Is there nicotinic modulation of nerve growth factor? Implications for cholinergic therapies in Alzheimer’s disease

Studies on the neurobiology of nerve growth factor (NGF) reveal a diverse range of actions. Through alterations in gene expression, NGF is important in maintaining and regulating the phenotype of neurons that express the high-affinity receptor, trkA. Nerve growth factor also has a rapid action, revealed by its role in pain signaling in bladder and in skin. In the central nervous system (CNS), NGF has an intimate relationship with the cholinergic system. It promotes cholinergic neuron survival after experimental injury but also maintains and regulates the phenotype of uninjured cholinergic neurons. In addition to these effects mediated by gene expression, NGF has a rapid neurotransmitter-like action to regulate cholinergic neurotransmission and neuronal excitability.
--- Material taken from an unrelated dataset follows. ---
(* Let $P$ be a labeled protein tree on a protein set $\mathcal{P}$ (with respect to a gene tree $G$ and map $g:\mathcal{P}\to\mathcal{G}$), let $\mathbb{P}$ be the set of all inclusion-wise maximum creation-free protein subtrees of $P$, and let $\mathbb{P}_{span}$ be the span partition of $\mathcal{P}$ according to $\mathbb{P}$. If $P$ contains at least one node labeled $Creat$, then there exist two distinct sets $S_u,S_v\in\mathbb{P}_{span}$ such that $S_u$, $S_v$ and $S_u\cup S_v$ are each the leaf set of a complete subtree of $P$, and moreover: (1) $l_P(lca_P(S_u\cup S_v))=Creat$; (2) for every $t\in\{u,v\}$ and every $P_i\in span(S_t)$, $P|_{S_t}=P_i|_{S_t}$; (3) $span(S_u)\cap span(S_v)=\emptyset$; (4) $\{P_i|_{\mathcal{L}(P_i)-S_u} : P_i\in span(S_u)\} = \{P_i|_{\mathcal{L}(P_i)-S_v} : P_i\in span(S_v)\}$.
   Context: Trees are rooted binary with leaves labeled bijectively by a finite set. $T[x]$ is the complete subtree of $T$ rooted at node $x$; a complete subtree is one of this form. $\mathcal{L}(T)$ is the leaf set, $x_l,x_r$ the children of an internal node $x$, $lca_T(L')$ the lowest common ancestor of $L'$. For $L'\subseteq\mathcal{L}(T)$, $T|_{L'}$ is the tree on $L'$ obtained from the subtree of $T$ spanned by $L'$, rooted at $lca_T(L')$, by suppressing all non-root nodes of degree 2. Setting: $\mathcal{P}$ (proteins), $\mathcal{G}$ (genes), surjective $g:\mathcal{P}\to\mathcal{G}$; $G$ a gene tree on $\mathcal{G}$ whose internal nodes are labeled $Spec$ or $Dup$ (via LCA-reconciliation with a species tree); $P$ a protein tree on $\mathcal{P}$. Extend $g$ to internal nodes of $P$ by $g(x)=lca_G(\{g(x'):x'\in\mathcal{L}(P[x])\})$. The labeling $l_P$ of internal nodes of $P$: $l_P(x)=Creat$ if $g(x)=g(x_l)$ or $g(x)=g(x_r)$; otherwise $l_P(x)$ equals the label ($Spec$ or $Dup$) of $g(x)$ in $G$. A labeled protein tree is $P$ together with $l_P$. Two proteins $x,y$ are orthologs if $l_P(lca_P(\{x,y\}))\neq Creat$. A creation-free protein subtree of $P$ is $P|_{L'}$ for $L'\subseteq\mathcal{P}$ in which every pair of proteins are orthologs; it is inclusion-wise maximum if $L'$ is maximal under inclusion among such sets. Write $\mathbb{P}=\{P_1,\dots,P_k\}$ for the set of all such maximum subtrees. For $x\in\mathcal{P}$, $span(x)=\{P_i\in\mathbb{P}: x\in\mathcal{L}(P_i)\}$. The span partition $\mathbb{P}_{span}$ is the partition of $\mathcal{P}$ into classes of proteins having equal $span$; for a class $S_t$, $span(S_t)$ is the common value $span(x)$, $x\in S_t$. *)

theory Defs
  imports Main
begin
Consistent with its actions on the cholinergic system, NGF can enhance function in animals with cholinergic lesions and has been proposed to be useful in humans with Alzheimer’s disease (AD); however, the problems of CNS delivery and of side effects (particularly pain) limit the clinical efficacy of NGF. Drug treatment strategies to enhance production of NGF in the CNS may be useful in the treatment of AD. Nicotine is one such agent, which, when administered directly to the hippocampus in rats, produces long-lasting elevation of NGF production.